» **TO DO**
Only lines with the word "exists" are needed; collect each of them from the listing below.
+++ MATERIAL FOR THIS TASK +++
(* Let $X$ be a quasi-geodesic metric space and let $G\curvearrowright X$ be a cobounded quasi-action. Suppose that for $i=1,2$, $\rho_i:G\to\hat G_i$ are two topological completions of $G\curvearrowright X$. Then there exist compact normal subgroups $K_i\vartriangleleft\hat G_i$ ($i=1,2$) and an isomorphism of topological groups $\lambda:\hat G_1/K_1\to\hat G_2/K_2$ such that $\lambda\circ\pi_1\circ\rho_1=\pi_2\circ\rho_2$, where $\pi_i:\hat G_i\to\hat G_i/K_i$ are the quotient maps.
   Context: A metric space $X$ is quasi-geodesic if there are $K\ge1,A\ge0$ such that any two points can be joined by a chain $x_0,\dots,x_n$ with consecutive distances at most $A$ and $n\le Kd(x_0,x_n)+A$. A $(K,A)$-quasi-action of $G$ on $X$ assigns to each $g\in G$ a $(K,A)$-quasi-isometry $x\mapsto g\cdot x$ of $X$ with $d(h\cdot(g\cdot x),hg\cdot x)\le A$ and $d(e\cdot x,x)\le A$ for all $g,h,x$; it is cobounded if for some $r$, every $x,y$ admit $g$ with $d(g\cdot x,y)\le r$. A subset $T\subseteq G$ is bounded if $\{t\cdot x_0:t\in T\}$ is bounded for some (equivalently every) $x_0$. A topological completion is a homomorphism $\rho:G\to\hat G$ to a Hausdorff locally compact group with dense image such that for every $T\subseteq G$, $T$ is bounded iff $\overline{\rho(T)}$ is compact. *)

theory Defs
  imports "HOL-Analysis.Analysis" "HOL-Algebra.Coset"
begin

definition quasi_isometry_on :: "'x::metric_space set \<Rightarrow> real \<Rightarrow> real \<Rightarrow> ('x \<Rightarrow> 'x) \<Rightarrow> bool" where
  "quasi_isometry_on X K A f \<longleftrightarrow>
     f ` X \<subseteq> X \<and>
     (\<forall>x\<in>X. \<forall>y\<in>X. dist x y / K - A \<le> dist (f x) (f y) \<and> dist (f x) (f y) \<le> K * dist x y + A) \<and>
     (\<forall>y\<in>X. \<exists>x\<in>X. dist (f x) y \<le> A)"

definition quasi_geodesic :: "'x::metric_space set \<Rightarrow> bool" where
  "quasi_geodesic X \<longleftrightarrow>
     (\<exists>K A. K \<ge> 1 \<and> A \<ge> 0 \<and>
        (\<forall>x\<in>X. \<forall>y\<in>X. \<exists>(n::nat) (c::nat \<Rightarrow> 'x).
            c 0 = x \<and> c n = y \<and> (\<forall>i\<le>n. c i \<in> X) \<and>
            (\<forall>i<n. dist (c i) (c (Suc i)) \<le> A) \<and>
            real n \<le> K * dist x y + A))"

definition quasi_action_KA ::
  "('g, 'b) monoid_scheme \<Rightarrow> 'x::metric_space set \<Rightarrow> real \<Rightarrow> real \<Rightarrow> ('g \<Rightarrow> 'x \<Rightarrow> 'x) \<Rightarrow> bool" where
  "quasi_action_KA G X K A act \<longleftrightarrow>
     (\<forall>g\<in>carrier G. quasi_isometry_on X K A (act g)) \<and>
     (\<forall>g\<in>carrier G. \<forall>h\<in>carrier G. \<forall>x\<in>X. dist (act h (act g x)) (act (h \<otimes>\<^bsub>G\<^esub> g) x) \<le> A) \<and>
     (\<forall>x\<in>X. dist (act \<one>\<^bsub>G\<^esub> x) x \<le> A)"

definition quasi_action ::
  "('g, 'b) monoid_scheme \<Rightarrow> 'x::metric_space set \<Rightarrow> ('g \<Rightarrow> 'x \<Rightarrow> 'x) \<Rightarrow> bool" where
  "quasi_action G X act \<longleftrightarrow> (\<exists>K A. K \<ge> 1 \<and> A \<ge> 0 \<and> quasi_action_KA G X K A act)"

definition cobounded_action ::
  "('g, 'b) monoid_scheme \<Rightarrow> 'x::metric_space set \<Rightarrow> ('g \<Rightarrow> 'x \<Rightarrow> 'x) \<Rightarrow> bool" where
  "cobounded_action G X act \<longleftrightarrow>
     (\<exists>r. \<forall>x\<in>X. \<forall>y\<in>X. \<exists>g\<in>carrier G. dist (act g x) y \<le> r)"

definition bounded_subset ::
  "('g, 'b) monoid_scheme \<Rightarrow> 'x::metric_space set \<Rightarrow> ('g \<Rightarrow> 'x \<Rightarrow> 'x) \<Rightarrow> 'g set \<Rightarrow> bool" where
  "bounded_subset G X act T \<longleftrightarrow> (\<exists>x0\<in>X. bounded ((\<lambda>t. act t x0) ` T))"

definition topological_group :: "('h, 'c) monoid_scheme \<Rightarrow> 'h topology \<Rightarrow> bool" where
  "topological_group H T \<longleftrightarrow>
     group H \<and> topspace T = carrier H \<and>
     continuous_map (prod_topology T T) T (\<lambda>(x, y). x \<otimes>\<^bsub>H\<^esub> y) \<and>
     continuous_map T T (\<lambda>x. inv\<^bsub>H\<^esub> x)"

text \<open>Quotient topology on the coset space G/K (carrier of H Mod K), induced by x \<mapsto> K #> x.\<close>
definition quotient_group_topology :: "('h, 'c) monoid_scheme \<Rightarrow> 'h topology \<Rightarrow> 'h set \<Rightarrow> 'h set topology" where
  "quotient_group_topology H T K =
     topology (\<lambda>U. U \<subseteq> carrier (H Mod K) \<and> openin T (\<Union>U))"

definition topological_completion ::
  "('g, 'b) monoid_scheme \<Rightarrow> 'x::metric_space set \<Rightarrow> ('g \<Rightarrow> 'x \<Rightarrow> 'x) \<Rightarrow>
   ('h, 'c) monoid_scheme \<Rightarrow> 'h topology \<Rightarrow> ('g \<Rightarrow> 'h) \<Rightarrow> bool" where
  "topological_completion G X act H T \<rho> \<longleftrightarrow>
     \<rho> \<in> hom G H \<and> topological_group H T \<and> Hausdorff_space T \<and> locally_compact_space T \<and>
     T closure_of (\<rho> ` carrier G) = topspace T \<and>
     (\<forall>S. S \<subseteq> carrier G \<longrightarrow>
        (bounded_subset G X act S \<longleftrightarrow> compactin T (T closure_of (\<rho> ` S))))"

end

theory Submission
  imports Defs
begin

(* Compare the completions through the closure \<Gamma> of {(\<rho>1 g, \<rho>2 g). g \<in> G} in the product
   group, a closed subgroup. Since both completions make the same subsets of G relatively compact,
   \<Gamma> is proper over each factor; hence it projects onto both factors, its fibres are compact and
   x \<mapsto> \<Gamma>``{x} is upper semicontinuous. By Goursat's lemma \<Gamma> is the graph of an isomorphism
   between the quotients by K1 = {x. (x,1) \<in> \<Gamma>} and K2 = {y. (1,y) \<in> \<Gamma>}, and upper
   semicontinuity of \<Gamma> and of its converse makes that isomorphism a homeomorphism. *)

lemma continuous_map_group_mult:
  assumes "topological_group H T" "continuous_map Z T f" "continuous_map Z T g"
  shows "continuous_map Z T (\<lambda>z. f z \<otimes>\<^bsub>H\<^esub> g z)"
proof -
  have "continuous_map (prod_topology T T) T (\<lambda>(x, y). x \<otimes>\<^bsub>H\<^esub> y)"
    using assms(1) by (simp add: topological_group_def)
  from continuous_map_compose[OF continuous_map_pairedI[OF assms(2,3)] this] show ?thesis
    by (simp add: o_def)
qed

lemma topological_group_DirProd:
  assumes "topological_group H1 T1" "topological_group H2 T2"
  shows "topological_group (H1 \<times>\<times> H2) (prod_topology T1 T2)"
proof -
  have grp: "group H1" "group H2" and ts: "topspace T1 = carrier H1" "topspace T2 = carrier H2"
    and inv: "continuous_map T1 T1 (m_inv H1)" "continuous_map T2 T2 (m_inv H2)"
    using assms by (auto simp: topological_group_def)
  let ?P = "prod_topology T1 T2"
  have fst_fst: "continuous_map (prod_topology ?P ?P) T1 (\<lambda>z. fst (fst z))"
   and fst_snd: "continuous_map (prod_topology ?P ?P) T1 (\<lambda>z. fst (snd z))"
   and snd_fst: "continuous_map (prod_topology ?P ?P) T2 (\<lambda>z. snd (fst z))"
   and snd_snd: "continuous_map (prod_topology ?P ?P) T2 (\<lambda>z. snd (snd z))"
    by (auto intro: continuous_map_compose[OF continuous_map_fst, unfolded o_def]
        continuous_map_compose[OF continuous_map_snd, unfolded o_def] continuous_map_fst continuous_map_snd)
  have "continuous_map (prod_topology ?P ?P) ?P (\<lambda>z. fst z \<otimes>\<^bsub>H1 \<times>\<times> H2\<^esub> snd z)"
    unfolding mult_DirProd'
    by (intro continuous_map_pairedI continuous_map_group_mult assms fst_fst fst_snd snd_fst snd_snd)
  moreover have "continuous_map ?P ?P (\<lambda>(x, y). (inv\<^bsub>H1\<^esub> x, inv\<^bsub>H2\<^esub> y))"
    using inv by (simp add: continuous_map_prod_top)
  then have "continuous_map ?P ?P (m_inv (H1 \<times>\<times> H2))"
    by (rule continuous_map_eq) (use grp ts in \<open>auto simp: inv_DirProd\<close>)
  ultimately show ?thesis
    using grp ts by (simp add: topological_group_def DirProd_group case_prod_unfold)
qed

lemma continuous_map_closure_of_into:
  assumes "continuous_map X Y f" "f ` S \<subseteq> S'" "x \<in> X closure_of S"
  shows "f x \<in> Y closure_of S'"
proof -
  have "f x \<in> Y closure_of (f ` S)"
    using assms(1,3) by (auto simp: continuous_map_eq_image_closure_subset)
  then show ?thesis
    using closure_of_mono[OF assms(2)] by blast
qed

lemma subgroup_closure_of:
  assumes "topological_group H T" "subgroup S H"
  shows "subgroup (T closure_of S) H"
proof -
  have grp: "group H" and ts: "topspace T = carrier H"
    and mult: "continuous_map (prod_topology T T) T (\<lambda>(x, y). x \<otimes>\<^bsub>H\<^esub> y)"
    and inv: "continuous_map T T (m_inv H)"
    using assms(1) by (auto simp: topological_group_def)
  show ?thesis
  proof (rule group.subgroupI[OF grp])
    show "T closure_of S \<subseteq> carrier H"
      using closure_of_subset_topspace[of T S] ts by simp
    have "S \<subseteq> T closure_of S"
      using closure_of_subset[of S T] subgroup.subset[OF assms(2)] ts by simp
    then show "T closure_of S \<noteq> {}"
      using subgroup.one_closed[OF assms(2)] by blast
  next
    fix a assume "a \<in> T closure_of S"
    then show "inv\<^bsub>H\<^esub> a \<in> T closure_of S"
      by (rule continuous_map_closure_of_into[OF inv, rotated])
         (use subgroup.m_inv_closed[OF assms(2)] in auto)
  next
    fix a b assume "a \<in> T closure_of S" "b \<in> T closure_of S"
    then have "(a, b) \<in> prod_topology T T closure_of (S \<times> S)"
      by (simp add: closure_of_Times)
    moreover have "(\<lambda>(x, y). x \<otimes>\<^bsub>H\<^esub> y) ` (S \<times> S) \<subseteq> S"
      using subgroup.m_closed[OF assms(2)] by auto
    ultimately have "(\<lambda>(x, y). x \<otimes>\<^bsub>H\<^esub> y) (a, b) \<in> T closure_of S"
      using continuous_map_closure_of_into[OF mult] by blast
    then show "a \<otimes>\<^bsub>H\<^esub> b \<in> T closure_of S"
      by simp
  qed
qed

lemma Union_Int_rcosets:
  assumes "group H" "subgroup K H" "\<S> \<subseteq> carrier (H Mod K)" "\<U> \<subseteq> carrier (H Mod K)"
  shows "\<Union>(\<S> \<inter> \<U>) = \<Union>\<S> \<inter> \<Union>\<U>"
proof
  show "\<Union>\<S> \<inter> \<Union>\<U> \<subseteq> \<Union>(\<S> \<inter> \<U>)"
  proof
    fix x assume "x \<in> \<Union>\<S> \<inter> \<Union>\<U>"
    then obtain A B where AB: "A \<in> \<S>" "B \<in> \<U>" "x \<in> A" "x \<in> B"
      by blast
    then have "A \<in> rcosets\<^bsub>H\<^esub> K" "B \<in> rcosets\<^bsub>H\<^esub> K"
      using assms(3,4) by (auto simp: FactGroup_def)
    then have "A = B"
      using group.rcos_disjoint[OF assms(1,2)] AB unfolding pairwise_def disjnt_def by blast
    then show "x \<in> \<Union>(\<S> \<inter> \<U>)"
      using AB by blast
  qed
qed blast

lemma openin_quotient_group_topology:
  assumes "group H" "subgroup K H"
  shows "openin (quotient_group_topology H T K) \<U> \<longleftrightarrow>
           \<U> \<subseteq> carrier (H Mod K) \<and> openin T (\<Union>\<U>)"
proof -
  have "istopology (\<lambda>\<U>. \<U> \<subseteq> carrier (H Mod K) \<and> openin T (\<Union>\<U>))"
    unfolding istopology_def
  proof (intro conjI allI impI)
    fix \<S> \<U>
    assume \<S>: "\<S> \<subseteq> carrier (H Mod K) \<and> openin T (\<Union>\<S>)"
      and \<U>: "\<U> \<subseteq> carrier (H Mod K) \<and> openin T (\<Union>\<U>)"
    then show "\<S> \<inter> \<U> \<subseteq> carrier (H Mod K)"
      by blast
    show "openin T (\<Union>(\<S> \<inter> \<U>))"
      using Union_Int_rcosets[OF assms] \<S> \<U> by auto
  next
    fix \<K>
    assume \<K>: "\<forall>\<U>\<in>\<K>. \<U> \<subseteq> carrier (H Mod K) \<and> openin T (\<Union>\<U>)"
    then show "\<Union>\<K> \<subseteq> carrier (H Mod K)"
      by blast
    have "\<Union>(\<Union>\<K>) = \<Union>(Union ` \<K>)"
      by blast
    then show "openin T (\<Union>(\<Union>\<K>))"
      using \<K> by auto
  qed
  then show ?thesis
    by (simp add: quotient_group_topology_def)
qed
+++
» **ANSWER TO THIS TASK**
     (\<forall>y\<in>X. \<exists>x\<in>X. dist (f x) y \<le> A)"
     (\<exists>K A. K \<ge> 1 \<and> A \<ge> 0 \<and>
        (\<forall>x\<in>X. \<forall>y\<in>X. \<exists>(n::nat) (c::nat \<Rightarrow> 'x).
  "quasi_action G X act \<longleftrightarrow> (\<exists>K A. K \<ge> 1 \<and> A \<ge> 0 \<and> quasi_action_KA G X K A act)"
     (\<exists>r. \<forall>x\<in>X. \<forall>y\<in>X. \<exists>g\<in>carrier G. dist (act g x) y \<le> r)"
  "bounded_subset G X act T \<longleftrightarrow> (\<exists>x0\<in>X. bounded ((\<lambda>t. act t x0) ` T))"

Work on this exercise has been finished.